Monday, April 17, 2006

William Sloane Coffin

William Sloane Coffin died last week. The former Yale chaplain and pastor at Riverside Church in New York City was a leader in two major social movements during the 1960s, the fight for civil rights by African-Americans, and the anti-Vietnam War actions later in the same decade.

Certainly, he was more than just a man who translated belief into social action. He was also a theologian who encouraged his followers to discuss their beliefs, to study and ask questions about faith, to treat it as a journey, not a set of inflexible dogma.

Here’s an excerpt from Letters to a Young Doubter, one of his last books, published in 2005:

I think self-righteousness is the bane of human relations, of all of them – interpersonal, international, and interfaith. I’m sure it was self-righteousness that prompted Pascal to say, “Human beings never do evil so cheerfully as when they do it from religious conviction.” Self-righteousness blocks out our capacity for self-criticism, destroys humility, and undermines the sense of oneness that should bind us all.
Self-righteousness inspired the Christian Crusades against Muslims and, centuries later, the Easter pogroms of Eastern Europe, the sermon-induced slaughter of Jews after the morning celebration of the resurrected rabbi. Today this same self-righteousness encourages some American Christians to cheer President Bush’s messianic militarism, a divinely ordained form of cleansing violence, and all in the name of a Jesus Christ who is the mirror opposite of the Jesus of the four Gospels.
Self-righteousness makes believers of all faiths doctrinaire, dogmatic, and mindlessly militant.

Friday, April 14, 2006

Abe Lincoln on Good Friday

Good Friday. Abraham Lincoln was shot at Ford’s Theatre on Good Friday. Lincoln had told his wife that he considered that day the end of the War Between the States, although Robert E. Lee had surrendered a few days before. Lincoln’s nightmare had ended, but for some reason, his role on this earth ended with it.

Do we need to know why such events are connected? We barely know how these events occur. Historians argue over the causes of the Civil War. Generals debate the reasons for success and failure in five years of military battles. Sociologists theorize on the clash between social and economic classes before, during, and after the war that shaped the future of this country. There are even variations to the story of the actual assassination that night: how Booth escaped, what he said to the audience when he jumped to the stage, where he went, how he was caught.

When we try to identify the why, we are probably crossing the line from history into spirituality, religion, and faith. A much longer discussion.

April 14, 1865 was just another day on the Julian calendar. Centuries ago, someone picked it to commemorate the death of a Savior for a large community of Christians. John Wilkes Booth picked it to end the life of the country’s leader.

Wednesday, April 12, 2006

Gospel of Judas

A copy of the Gospel of Judas has been translated and released. The Gnostic text claims that in the week prior to his crucifixion, Jesus told Judas that he was the only disciple who understood the true nature of Christ, and asked him to betray him to the authorities. Thus, in this week before Easter, Christians face a new interpretation of the death and resurrection of Jesus, and the potential rehabilitation of a loathed figure in history.
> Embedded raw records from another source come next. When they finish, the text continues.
lemma (in group) two_torsion_eq_ord_le_2:
  assumes "finite (carrier G)"
  shows "two_torsion G = {x \<in> carrier G. ord x \<le> 2}"
proof -
  have "ord x \<le> 2 \<longleftrightarrow> x \<otimes> x = \<one>" if x: "x \<in> carrier G" for x
  proof -
    have "x \<otimes> x = \<one> \<longleftrightarrow> ord x dvd 2"
      using pow_eq_id[OF x, of 2] x by (simp add: numeral_2_eq_2)
    moreover have "ord x dvd 2 \<longleftrightarrow> ord x \<le> 2"
    proof
      assume "ord x \<le> 2"
      then have "ord x = 1 \<or> ord x = 2" using ord_ge_1[OF assms x] by linarith
      then show "ord x dvd 2" by auto
    qed (simp add: dvd_imp_le)
    ultimately show ?thesis by simp
  qed
  then show ?thesis by (auto simp: two_torsion_def)
qed

lemma (in group) inv_eq_self_iff:
  assumes "x \<in> carrier G" shows "inv x = x \<longleftrightarrow> x \<otimes> x = \<one>"
proof
  assume "inv x = x" then show "x \<otimes> x = \<one>" using r_inv[OF assms] by simp
next
  assume "x \<otimes> x = \<one>" then show "inv x = x" using inv_equality[of x x] assms by simp
qed

(* The square roots of any h form a coset of two_torsion G (or are empty). *)
lemma (in comm_group) card_square_roots_le:
  assumes "finite (carrier G)"
  shows "card {x \<in> carrier G. x \<otimes> x = h} \<le> card (two_torsion G)"
proof (cases "{x \<in> carrier G. x \<otimes> x = h} = {}")
  case False
  then obtain r where r: "r \<in> carrier G" "r \<otimes> r = h" by blast
  have "inj_on (\<lambda>x. inv r \<otimes> x) {x \<in> carrier G. x \<otimes> x = h}"
    using r(1) by (intro inj_onI) auto
  moreover have "(\<lambda>x. inv r \<otimes> x) ` {x \<in> carrier G. x \<otimes> x = h} \<subseteq> two_torsion G"
  proof (rule image_subsetI)
    fix x assume x: "x \<in> {x \<in> carrier G. x \<otimes> x = h}"
    have xc: "x \<in> carrier G" using x by simp
    have "(inv r \<otimes> x) \<otimes> (inv r \<otimes> x) = (inv r \<otimes> inv r) \<otimes> (x \<otimes> x)"
      using r(1) xc by (simp add: m_ac)
    also have "\<dots> = inv (r \<otimes> r) \<otimes> (x \<otimes> x)" using r(1) by (simp add: inv_mult)
    also have "\<dots> = \<one>" using x r by auto
    finally show "inv r \<otimes> x \<in> two_torsion G" using xc r(1) by (simp add: two_torsion_def)
  qed
  moreover have "finite (two_torsion G)" using assms by (simp add: two_torsion_def)
  ultimately show ?thesis by (rule card_inj_on_le)
qed (simp only: card.empty le0)

lemma (in group) union_rcosets_card:
  assumes "subgroup H G" "finite (carrier G)" "C \<subseteq> rcosets H"
  shows "card (\<Union>C) = card C * card H"
proof -
  have sub: "\<Union>C \<subseteq> carrier G" "C \<subseteq> Pow (carrier G)"
    using assms(3) rcosets_subset_PowG[OF assms(1)] by auto
  have "card H * card C = card (\<Union>C)"
  proof (rule card_partition)
    show "finite C" "finite (\<Union>C)"
      using sub assms(2) finite_subset by (blast, blast)
    fix c assume "c \<in> C"
    then show "card c = card H"
      using card_rcosets_equal[OF _ subgroup.subset[OF assms(1)]] assms(3) by (metis subsetD)
  next
    fix c1 c2 assume "c1 \<in> C" "c2 \<in> C" "c1 \<noteq> c2"
    then show "c1 \<inter> c2 = {}"
      using rcos_disjoint[OF assms(1)] assms(3) unfolding pairwise_def disjnt_def by blast
  qed
  then show ?thesis by (metis mult.commute)
qed

lemma (in group) inv_invariant_coset_squares:
  assumes "subgroup H G" "c \<in> rcosets H" "(\<lambda>x. inv x) ` c = c" "y \<in> c"
  shows "y \<otimes> y \<in> H"
proof -
  obtain a where a: "a \<in> carrier G" "c = H #> a" using assms(2) unfolding RCOSETS_def by blast
  have Hc: "H \<subseteq> carrier G" using subgroup.subset[OF assms(1)] .
  obtain h1 where h1: "h1 \<in> H" "y = h1 \<otimes> a" using assms(4) a(2) unfolding r_coset_def by blast
  have "inv y \<in> c" using assms(3,4) by blast
  then obtain h2 where h2: "h2 \<in> H" "inv y = h2 \<otimes> a" using a(2) unfolding r_coset_def by blast
  have y: "y \<in> carrier G" using h1 Hc a(1) by auto
  have h: "h1 \<in> carrier G" "h2 \<in> carrier G" using h1(1) h2(1) Hc by auto
  have "y = inv (h2 \<otimes> a)" using h2(2) y by (metis inv_inv)
  also have "\<dots> = inv a \<otimes> inv h2" using h(2) a(1) by (rule inv_mult_group)
  finally have "y \<otimes> y = (h1 \<otimes> a) \<otimes> (inv a \<otimes> inv h2)" using h1(2) by metis
  also have "\<dots> = h1 \<otimes> inv h2"
    using h a(1) by (simp add: m_assoc inv_solve_left' flip: m_assoc[of a "inv a"])
  finally show ?thesis using h1(1) h2(1) assms(1) by (simp add: subgroup.m_closed subgroup.m_inv_closed)
qed

lemma (in comm_group) inv_rcos:
  assumes "subgroup H G" "a \<in> carrier G"
  shows "(\<lambda>x. inv x) ` (H #> a) = H #> inv a"
proof -
  have Hc: "H \<subseteq> carrier G" using subgroup.subset[OF assms(1)] .
  have coset: "H #> b = (\<lambda>h. h \<otimes> b) ` H" for b unfolding r_coset_def by auto
  have invH: "(\<lambda>h. inv h) ` H = H"
  proof
    show "(\<lambda>h. inv h) ` H \<subseteq> H" using subgroup.m_inv_closed[OF assms(1)] by blast
    show "H \<subseteq> (\<lambda>h. inv h) ` H"
    proof
      fix h assume h: "h \<in> H"
      then have "h = inv (inv h)" "inv h \<in> H" using Hc subgroup.m_inv_closed[OF assms(1)] by auto
      then show "h \<in> (\<lambda>h. inv h) ` H" by blast
    qed
  qed
  have "(\<lambda>x. inv x) ` (H #> a) = (\<lambda>h. inv h \<otimes> inv a) ` H"
    unfolding coset image_image using Hc assms(2) by (intro image_cong) (auto simp: inv_mult)
  also have "\<dots> = (\<lambda>h. h \<otimes> inv a) ` ((\<lambda>h. inv h) ` H)" by (simp add: image_image)
  finally show ?thesis unfolding invH coset .
qed

lemma odd_prime_factor:
  fixes n :: nat
  assumes "n > 0" "\<not> (\<exists>k. n = 2 ^ k)"
  shows "\<exists>p. Factorial_Ring.prime p \<and> p dvd n \<and> p \<noteq> 2"
proof -
  obtain y where y: "n = 2 ^ multiplicity 2 n * y" "\<not> 2 dvd y"
    using multiplicity_decompose'[of n 2] assms(1) by force
  have "y \<noteq> 1" using y(1) assms(2) by (metis mult.right_neutral)
  then obtain p where p: "Factorial_Ring.prime p" "p dvd y" using prime_factor_nat by blast
  have "p \<noteq> 2" using p(2) y(2) by blast
  moreover have "p dvd n" using p(2) by (subst y(1)) (rule dvd_mult)
  ultimately show ?thesis using p(1) by blast
qed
The document dates from about 180-250AD. No one knows for sure if that is when the actual ‘gospel’ was first written, or who wrote it. One observer noted that, if those dates are original, it is as if someone wrote an eye-witness account of George Washington’s inaugural in 1940 and passed it off as history.
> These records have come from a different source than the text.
(* Let $\mathcal Q=\{I_j\}_{j\in\mathbb Z}$ be a bounded geometry partition of $\mathbb R$ (identified with $\partial\mathbb H_r$ via $iy\mapsto y$) with constant $C$, normalized so that $I_0=(-1,1)$, and let $1<M<\infty$. Then there is a bounded geometry partition $\mathcal Q'=\{I'_j\}_{j\in\mathbb Z}$ of $\mathbb R$ such that: (1) $I'_0=I_0$; (2) $I'_{-j}=-I'_j$ for all $j$; (3) $|I'_j|$ is a non-increasing function of $|j|$; (4) every $|I'_j|$ is an integer power of $2$; (5) if $I'\in\mathcal Q'\setminus\{I_0\}$ intersects $I\in\mathcal Q$ then $|I'|<|I|/M$; (6) the bounded geometry constant of $\mathcal Q'$ is bounded above by a constant depending only on $M$ and $C$.
   Context: A partition of a line is a locally finite collection of disjoint open intervals whose closures cover the line. It has bounded geometry with constant $C$ if $|I|/|J|\le C$ for every pair of adjacent intervals (sharing an endpoint). *)

theory Defs
  imports "HOL-Analysis.Analysis"
begin

definition ilen :: "real set \<Rightarrow> real" where
  "ilen I = measure lborel I"

definition is_partition :: "real set set \<Rightarrow> bool" where
  "is_partition P \<longleftrightarrow>
     (\<forall>I\<in>P. is_interval I \<and> open I \<and> I \<noteq> {}) \<and>
     (\<forall>I\<in>P. \<forall>J\<in>P. I \<noteq> J \<longrightarrow> I \<inter> J = {}) \<and>
     (\<forall>x::real. \<exists>U. open U \<and> x \<in> U \<and> finite {I\<in>P. I \<inter> U \<noteq> {}}) \<and>
     \<Union>(closure ` P) = UNIV"

definition adjacent :: "real set \<Rightarrow> real set \<Rightarrow> bool" where
  "adjacent I J \<longleftrightarrow> I \<noteq> J \<and> closure I \<inter> closure J \<noteq> {}"

definition bounded_geometry :: "real set set \<Rightarrow> real \<Rightarrow> bool" where
  "bounded_geometry P C \<longleftrightarrow>
     (\<forall>I\<in>P. bounded I) \<and>
     (\<forall>I\<in>P. \<forall>J\<in>P. adjacent I J \<longrightarrow> ilen I / ilen J \<le> C)"
lemma complementary_condition_iff_trace_count_complement:
  "(\<forall>\<Gamma>1 \<Gamma>2. \<Gamma>1 \<noteq> {} \<and> \<Gamma>2 \<noteq> {} \<and> \<Gamma>1 \<subseteq> F \<and> \<Gamma>2 \<subseteq> F \<and> \<Gamma>1 \<inter> \<Gamma>2 = {} \<and> \<Gamma>1 \<union> \<Gamma>2 = F \<longrightarrow>
      card (\<Inter>\<Gamma>1 - \<Union>\<Gamma>2) = card (\<Inter>\<Gamma>2 - \<Union>\<Gamma>1))
   \<longleftrightarrow> (\<forall>T. T \<noteq> {} \<and> T \<subseteq> F \<and> T \<noteq> F \<longrightarrow> trace_count F T = trace_count F (F - T))"
proof (intro iffI allI impI)
  fix T assume T: "T \<noteq> {} \<and> T \<subseteq> F \<and> T \<noteq> F"
  assume complementary: "\<forall>\<Gamma>1 \<Gamma>2. \<Gamma>1 \<noteq> {} \<and> \<Gamma>2 \<noteq> {} \<and> \<Gamma>1 \<subseteq> F \<and> \<Gamma>2 \<subseteq> F \<and> \<Gamma>1 \<inter> \<Gamma>2 = {}
      \<and> \<Gamma>1 \<union> \<Gamma>2 = F \<longrightarrow> card (\<Inter>\<Gamma>1 - \<Union>\<Gamma>2) = card (\<Inter>\<Gamma>2 - \<Union>\<Gamma>1)"
  have "trace_count F T = card (\<Inter>T - \<Union>(F - T))"
    by (rule card_partition_eq_trace_count[symmetric]) (use T in auto)
  also have "\<dots> = card (\<Inter>(F - T) - \<Union>T)"
    by (rule complementary[rule_format]) (use T in auto)
  also have "\<dots> = trace_count F (F - T)"
    by (rule card_partition_eq_trace_count) (use T in auto)
  finally show "trace_count F T = trace_count F (F - T)" .
next
  fix \<Gamma>1 \<Gamma>2 :: "'a set set"
  assume sym: "\<forall>T. T \<noteq> {} \<and> T \<subseteq> F \<and> T \<noteq> F \<longrightarrow> trace_count F T = trace_count F (F - T)"
    and \<Gamma>: "\<Gamma>1 \<noteq> {} \<and> \<Gamma>2 \<noteq> {} \<and> \<Gamma>1 \<subseteq> F \<and> \<Gamma>2 \<subseteq> F \<and> \<Gamma>1 \<inter> \<Gamma>2 = {} \<and> \<Gamma>1 \<union> \<Gamma>2 = F"
  have "card (\<Inter>\<Gamma>1 - \<Union>\<Gamma>2) = trace_count F \<Gamma>1"
    by (rule card_partition_eq_trace_count) (use \<Gamma> in auto)
  also have "\<dots> = trace_count F (F - \<Gamma>1)"
    by (rule sym[rule_format]) (use \<Gamma> in auto)
  also have "F - \<Gamma>1 = \<Gamma>2"
    using \<Gamma> by auto
  also have "trace_count F \<Gamma>2 = card (\<Inter>\<Gamma>2 - \<Union>\<Gamma>1)"
    by (rule card_partition_eq_trace_count[symmetric]) (use \<Gamma> in auto)
  finally show "card (\<Inter>\<Gamma>1 - \<Union>\<Gamma>2) = card (\<Inter>\<Gamma>2 - \<Union>\<Gamma>1)" .
qed
lemma odd_doubled_word_double_image:
  assumes "odd (length w)" "k + 1 < length w" "w ! k = w ! (k + 1)"
  shows "\<exists>p. 0 < p \<and> p + 2 < length (w @ [a] @ w) \<and>
    (w @ [a] @ w) ! p = (w @ [a] @ w) ! (p + 1) \<and> (even p \<longleftrightarrow> even k)"
proof (cases "k = 0")
  case True
  have "length w \<noteq> 2" using assms(1) by auto
  then show ?thesis
    using doubled_word_doubles(2)[OF assms(2,3)] assms True
    by (intro exI[of _ "length w + 1"]) auto
next
  case False
  then show ?thesis
    using doubled_word_doubles(1)[OF assms(2,3)] assms
    by (intro exI[of _ k]) auto
qed

lemma odd_doubled_word_thue_morse_desubstitution:
  fixes w :: "bool list"
  assumes spf: "\<not> has_short_power (7/3) 7 (w @ [a] @ w)"
    and "odd (length w)" "5 \<le> length w"
  shows "\<exists>y b. length y = length w div 2 \<and> is_subword (thue_morse y) w \<and>
    is_subword (thue_morse (y @ [b] @ y)) (w @ [a] @ w)"
proof -
  let ?W = "w @ [a] @ w"
  define n where "n = length w"
  have spf_w: "\<not> has_short_power (7/3) 7 w"
    using spf by (metis has_short_power_subword is_subword_def append_Nil2)
  obtain k0 where "k0 < 4" "w ! k0 = w ! (k0 + 1)"
    using double_in_window[OF spf_w, of 0] assms(3) by auto
  then have k0: "k0 + 1 < n" "w ! k0 = w ! (k0 + 1)" using assms(3) n_def by simp_all
  then obtain p0 where p0: "0 < p0" "p0 + 2 < length ?W" "?W ! p0 = ?W ! (p0 + 1)"
    "even p0 \<longleftrightarrow> even k0"
    using odd_doubled_word_double_image[OF assms(2)] n_def by blast
  have W_parity: "even p \<longleftrightarrow> even k0"
    if "0 < p" "p + 2 < length ?W" "?W ! p = ?W ! (p + 1)" for p
    using doubles_same_parity[OF spf that p0(1-3)] p0(4) by simp
  have w_parity: "even k \<longleftrightarrow> even k0" if "k + 1 < n" "w ! k = w ! (k + 1)" for k
    using odd_doubled_word_double_image[OF assms(2)] that W_parity n_def by blast
  show ?thesis
  proof (cases "even k0")
    case True
    have "a \<noteq> w ! 0"
    proof
      assume "a = w ! 0"
      moreover have "w \<noteq> []" using assms(3) by auto
      ultimately have "?W ! n = ?W ! (n + 1)" using n_def by (simp add: nth_append)
      then have "even n \<longleftrightarrow> even k0" by (intro W_parity) (use assms(3) n_def in auto)
      with True assms(2) n_def show False by simp
    qed
    then obtain y where "length y = n div 2" "is_subword (thue_morse y) w"
      "is_subword (thue_morse (y @ [a] @ y)) ?W"
      using doubled_word_desubstitution_Cons[OF assms(2)] w_parity True n_def by blast
    then show ?thesis using n_def by blast
  next
    case False
    have "a \<noteq> last w"
    proof
      assume "a = last w"
      moreover have "w \<noteq> []" using assms(3) by auto
      ultimately have "?W ! (n - 1) = ?W ! (n - 1 + 1)"
        using n_def by (simp add: nth_append last_conv_nth)
      then have "even (n - 1) \<longleftrightarrow> even k0"
        by (intro W_parity) (use assms(3) n_def in simp_all)
      with False assms(2) n_def show False by simp
    qed
    then show ?thesis
      using doubled_word_desubstitution_snoc[OF assms(2)] w_parity False n_def by blast
  qed
qed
But no matter. This gospel, when combined with other texts discovered in the last 50 years, add to the historical record of the time period, skimpy as it is. These documents bring real people to life. They describe conversations and daily life that separates them from the tainted versions we have created in movies or television. That is the most fascinating part of this discovery: history, the recorded actions and words of real people, explained in the written word. From this history, we have derived a religious faith in something that cannot always be explained through the written word: God, Yahwe, the word that cannot be spoken because it cannot be fully comprehended in human terms.